■ **Task goal**
Line by line, copy the data below exactly.

(Collected data entries)
============

definition vspace :: "('k::field,'a,'m) vs_scheme \<Rightarrow> bool" where
  "vspace V \<longleftrightarrow>
     zer V \<in> car V
   \<and> (\<forall>a\<in>car V. \<forall>b\<in>car V. add V a b \<in> car V)
   \<and> (\<forall>c. \<forall>a\<in>car V. sm V c a \<in> car V)
   \<and> (\<forall>a\<in>car V. \<forall>b\<in>car V. \<forall>c\<in>car V. add V (add V a b) c = add V a (add V b c))
   \<and> (\<forall>a\<in>car V. \<forall>b\<in>car V. add V a b = add V b a)
   \<and> (\<forall>a\<in>car V. add V a (zer V) = a)
   \<and> (\<forall>a\<in>car V. add V a (sm V (-1) a) = zer V)
   \<and> (\<forall>c. \<forall>a\<in>car V. \<forall>b\<in>car V. sm V c (add V a b) = add V (sm V c a) (sm V c b))
   \<and> (\<forall>c d. \<forall>a\<in>car V. sm V (c + d) a = add V (sm V c a) (sm V d a))
   \<and> (\<forall>c d. \<forall>a\<in>car V. sm V (c * d) a = sm V c (sm V d a))
   \<and> (\<forall>a\<in>car V. sm V 1 a = a)"

text \<open>Linear maps; maps are extensional (undefined off the carrier), so that
  sets of homomorphisms consist of canonical representatives.\<close>
definition linmap :: "('k::field,'a,'m) vs_scheme \<Rightarrow> ('k,'b,'n) vs_scheme \<Rightarrow> ('a \<Rightarrow> 'b) \<Rightarrow> bool" where
  "linmap V W f \<longleftrightarrow> f \<in> car V \<rightarrow>\<^sub>E car W
     \<and> (\<forall>a\<in>car V. \<forall>b\<in>car V. f (add V a b) = add W (f a) (f b))
     \<and> (\<forall>c. \<forall>a\<in>car V. f (sm V c a) = sm W c (f a))"

definition lie_alg :: "('k::field,'a,'m) lie_scheme \<Rightarrow> bool" where
  "lie_alg L \<longleftrightarrow> vspace L
   \<and> (\<forall>a\<in>car L. \<forall>b\<in>car L. br L a b \<in> car L)
   \<and> (\<forall>a\<in>car L. \<forall>b\<in>car L. \<forall>c\<in>car L. br L (add L a b) c = add L (br L a c) (br L b c))
   \<and> (\<forall>a\<in>car L. \<forall>b\<in>car L. \<forall>c\<in>car L. br L a (add L b c) = add L (br L a b) (br L a c))
   \<and> (\<forall>k. \<forall>a\<in>car L. \<forall>b\<in>car L. br L (sm L k a) b = sm L k (br L a b))
   \<and> (\<forall>k. \<forall>a\<in>car L. \<forall>b\<in>car L. br L a (sm L k b) = sm L k (br L a b))
   \<and> (\<forall>a\<in>car L. br L a a = zer L)
   \<and> (\<forall>a\<in>car L. \<forall>b\<in>car L. \<forall>c\<in>car L.
        add L (add L (br L a (br L b c)) (br L b (br L c a))) (br L c (br L a b)) = zer L)"

definition lie_hom :: "('k::field,'a,'m) lie_scheme \<Rightarrow> ('k,'b,'n) lie_scheme \<Rightarrow> ('a \<Rightarrow> 'b) \<Rightarrow> bool" where
  "lie_hom L M f \<longleftrightarrow> linmap L M f \<and> (\<forall>a\<in>car L. \<forall>b\<in>car L. f (br L a b) = br M (f a) (f b))"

============

■ **Written answer**
definition vspace :: "('k::field,'a,'m) vs_scheme \<Rightarrow> bool" where
  "vspace V \<longleftrightarrow>
     zer V \<in> car V
   \<and> (\<forall>a\<in>car V. \<forall>b\<in>car V. add V a b \<in> car V)
   \<and> (\<forall>c. \<forall>a\<in>car V. sm V c a \<in> car V)
   \<and> (\<forall>a\<in>car V. \<forall>b\<in>car V. \<forall>c\<in>car V. add V (add V a b) c = add V a (add V b c))
   \<and> (\<forall>a\<in>car V. \<forall>b\<in>car V. add V a b = add V b a)
   \<and> (\<forall>a\<in>car V. add V a (zer V) = a)
   \<and> (\<forall>a\<in>car V. add V a (sm V (-1) a) = zer V)
   \<and> (\<forall>c. \<forall>a\<in>car V. \<forall>b\<in>car V. sm V c (add V a b) = add V (sm V c a) (sm V c b))
   \<and> (\<forall>c d. \<forall>a\<in>car V. sm V (c + d) a = add V (sm V c a) (sm V d a))
   \<and> (\<forall>c d. \<forall>a\<in>car V. sm V (c * d) a = sm V c (sm V d a))
   \<and> (\<forall>a\<in>car V. sm V 1 a = a)"

text \<open>Linear maps; maps are extensional (undefined off the carrier), so that
  sets of homomorphisms consist of canonical representatives.\<close>
definition linmap :: "('k::field,'a,'m) vs_scheme \<Rightarrow> ('k,'b,'n) vs_scheme \<Rightarrow> ('a \<Rightarrow> 'b) \<Rightarrow> bool" where
  "linmap V W f \<longleftrightarrow> f \<in> car V \<rightarrow>\<^sub>E car W
     \<and> (\<forall>a\<in>car V. \<forall>b\<in>car V. f (add V a b) = add W (f a) (f b))
     \<and> (\<forall>c. \<forall>a\<in>car V. f (sm V c a) = sm W c (f a))"

definition lie_alg :: "('k::field,'a,'m) lie_scheme \<Rightarrow> bool" where
  "lie_alg L \<longleftrightarrow> vspace L
   \<and> (\<forall>a\<in>car L. \<forall>b\<in>car L. br L a b \<in> car L)
   \<and> (\<forall>a\<in>car L. \<forall>b\<in>car L. \<forall>c\<in>car L. br L (add L a b) c = add L (br L a c) (br L b c))
   \<and> (\<forall>a\<in>car L. \<forall>b\<in>car L. \<forall>c\<in>car L. br L a (add L b c) = add L (br L a b) (br L a c))
   \<and> (\<forall>k. \<forall>a\<in>car L. \<forall>b\<in>car L. br L (sm L k a) b = sm L k (br L a b))
   \<and> (\<forall>k. \<forall>a\<in>car L. \<forall>b\<in>car L. br L a (sm L k b) = sm L k (br L a b))
   \<and> (\<forall>a\<in>car L. br L a a = zer L)
   \<and> (\<forall>a\<in>car L. \<forall>b\<in>car L. \<forall>c\<in>car L.
        add L (add L (br L a (br L b c)) (br L b (br L c a))) (br L c (br L a b)) = zer L)"

definition lie_hom :: "('k::field,'a,'m) lie_scheme \<Rightarrow> ('k,'b,'n) lie_scheme \<Rightarrow> ('a \<Rightarrow> 'b) \<Rightarrow> bool" where
  "lie_hom L M f \<longleftrightarrow> linmap L M f \<and> (\<forall>a\<in>car L. \<forall>b\<in>car L. f (br L a b) = br M (f a) (f b))"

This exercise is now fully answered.